*** Opening of INFORMATION ***

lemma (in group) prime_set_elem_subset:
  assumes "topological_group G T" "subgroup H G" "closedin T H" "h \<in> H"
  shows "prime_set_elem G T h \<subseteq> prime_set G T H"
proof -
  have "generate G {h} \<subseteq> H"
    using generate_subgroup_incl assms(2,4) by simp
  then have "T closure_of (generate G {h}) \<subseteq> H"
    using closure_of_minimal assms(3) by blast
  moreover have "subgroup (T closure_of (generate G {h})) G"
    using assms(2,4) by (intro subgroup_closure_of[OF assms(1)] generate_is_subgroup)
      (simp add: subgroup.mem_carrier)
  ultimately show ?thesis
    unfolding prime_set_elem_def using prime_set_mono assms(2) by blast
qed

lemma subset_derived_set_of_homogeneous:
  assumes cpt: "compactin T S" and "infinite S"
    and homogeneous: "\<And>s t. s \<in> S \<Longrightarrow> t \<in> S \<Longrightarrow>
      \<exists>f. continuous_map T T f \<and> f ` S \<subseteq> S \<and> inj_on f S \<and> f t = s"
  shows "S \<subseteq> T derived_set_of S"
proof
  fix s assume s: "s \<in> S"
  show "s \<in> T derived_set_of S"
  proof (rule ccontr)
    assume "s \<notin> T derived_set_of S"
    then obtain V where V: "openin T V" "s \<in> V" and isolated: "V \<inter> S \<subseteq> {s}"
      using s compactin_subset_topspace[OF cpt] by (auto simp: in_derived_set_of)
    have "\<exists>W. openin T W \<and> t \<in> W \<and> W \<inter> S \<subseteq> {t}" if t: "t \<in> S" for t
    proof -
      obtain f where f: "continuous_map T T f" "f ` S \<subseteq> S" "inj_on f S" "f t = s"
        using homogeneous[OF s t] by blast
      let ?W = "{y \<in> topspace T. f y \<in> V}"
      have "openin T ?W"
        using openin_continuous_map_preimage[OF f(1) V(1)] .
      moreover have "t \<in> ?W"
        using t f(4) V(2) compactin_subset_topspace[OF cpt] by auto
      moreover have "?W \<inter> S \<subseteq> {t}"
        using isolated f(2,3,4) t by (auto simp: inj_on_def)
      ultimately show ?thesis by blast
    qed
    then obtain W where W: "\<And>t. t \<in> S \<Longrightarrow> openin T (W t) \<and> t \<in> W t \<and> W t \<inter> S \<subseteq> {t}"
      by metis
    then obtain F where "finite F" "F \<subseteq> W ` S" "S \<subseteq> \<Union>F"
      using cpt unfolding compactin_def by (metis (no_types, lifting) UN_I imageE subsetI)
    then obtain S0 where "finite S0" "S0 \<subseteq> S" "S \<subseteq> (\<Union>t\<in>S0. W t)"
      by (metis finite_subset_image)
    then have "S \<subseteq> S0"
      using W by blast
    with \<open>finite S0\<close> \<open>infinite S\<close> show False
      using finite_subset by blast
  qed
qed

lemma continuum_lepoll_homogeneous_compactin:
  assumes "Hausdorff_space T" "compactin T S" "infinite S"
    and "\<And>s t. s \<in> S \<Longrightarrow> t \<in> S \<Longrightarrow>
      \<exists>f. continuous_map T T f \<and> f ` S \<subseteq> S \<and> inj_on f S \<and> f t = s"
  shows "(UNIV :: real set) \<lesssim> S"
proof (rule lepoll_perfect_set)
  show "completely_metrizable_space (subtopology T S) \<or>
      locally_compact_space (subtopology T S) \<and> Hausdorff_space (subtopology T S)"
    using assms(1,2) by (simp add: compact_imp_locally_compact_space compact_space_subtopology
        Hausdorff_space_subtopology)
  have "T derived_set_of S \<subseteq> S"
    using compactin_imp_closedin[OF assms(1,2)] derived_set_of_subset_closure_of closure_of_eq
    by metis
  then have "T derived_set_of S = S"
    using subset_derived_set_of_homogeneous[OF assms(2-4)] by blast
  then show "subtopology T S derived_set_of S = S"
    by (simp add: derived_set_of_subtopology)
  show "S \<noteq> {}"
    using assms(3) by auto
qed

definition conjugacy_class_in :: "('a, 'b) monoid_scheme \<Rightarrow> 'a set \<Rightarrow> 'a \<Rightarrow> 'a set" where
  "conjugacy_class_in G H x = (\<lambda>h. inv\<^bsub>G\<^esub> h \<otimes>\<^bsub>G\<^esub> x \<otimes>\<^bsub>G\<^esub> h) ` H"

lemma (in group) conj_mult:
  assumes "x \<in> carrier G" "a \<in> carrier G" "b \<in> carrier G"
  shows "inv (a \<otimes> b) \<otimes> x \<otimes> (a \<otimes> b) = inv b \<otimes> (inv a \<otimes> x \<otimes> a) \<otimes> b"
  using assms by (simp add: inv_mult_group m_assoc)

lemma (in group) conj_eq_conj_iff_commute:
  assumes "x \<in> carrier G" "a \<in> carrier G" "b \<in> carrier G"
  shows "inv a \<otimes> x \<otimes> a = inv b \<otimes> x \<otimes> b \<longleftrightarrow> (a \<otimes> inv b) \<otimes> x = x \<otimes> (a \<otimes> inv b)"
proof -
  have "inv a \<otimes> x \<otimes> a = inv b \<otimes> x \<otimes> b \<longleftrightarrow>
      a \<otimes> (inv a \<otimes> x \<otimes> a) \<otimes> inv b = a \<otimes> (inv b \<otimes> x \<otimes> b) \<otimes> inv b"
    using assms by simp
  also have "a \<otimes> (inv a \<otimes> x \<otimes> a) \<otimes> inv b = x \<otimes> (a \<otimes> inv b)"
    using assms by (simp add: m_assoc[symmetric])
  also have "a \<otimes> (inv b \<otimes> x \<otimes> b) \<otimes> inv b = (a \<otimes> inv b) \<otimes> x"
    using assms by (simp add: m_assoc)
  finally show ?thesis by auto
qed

*** Close of INFORMATION ***

Set down, word for word, each line from the top of the records above through the line with "using assms(2,4) by".

» **RESPONSE TO THE EXERCISE**
lemma (in group) prime_set_elem_subset:
  assumes "topological_group G T" "subgroup H G" "closedin T H" "h \<in> H"
  shows "prime_set_elem G T h \<subseteq> prime_set G T H"
proof -
  have "generate G {h} \<subseteq> H"
    using generate_subgroup_incl assms(2,4) by simp
  then have "T closure_of (generate G {h}) \<subseteq> H"
    using closure_of_minimal assms(3) by blast
  moreover have "subgroup (T closure_of (generate G {h})) G"
    using assms(2,4) by (intro subgroup_closure_of[OF assms(1)] generate_is_subgroup)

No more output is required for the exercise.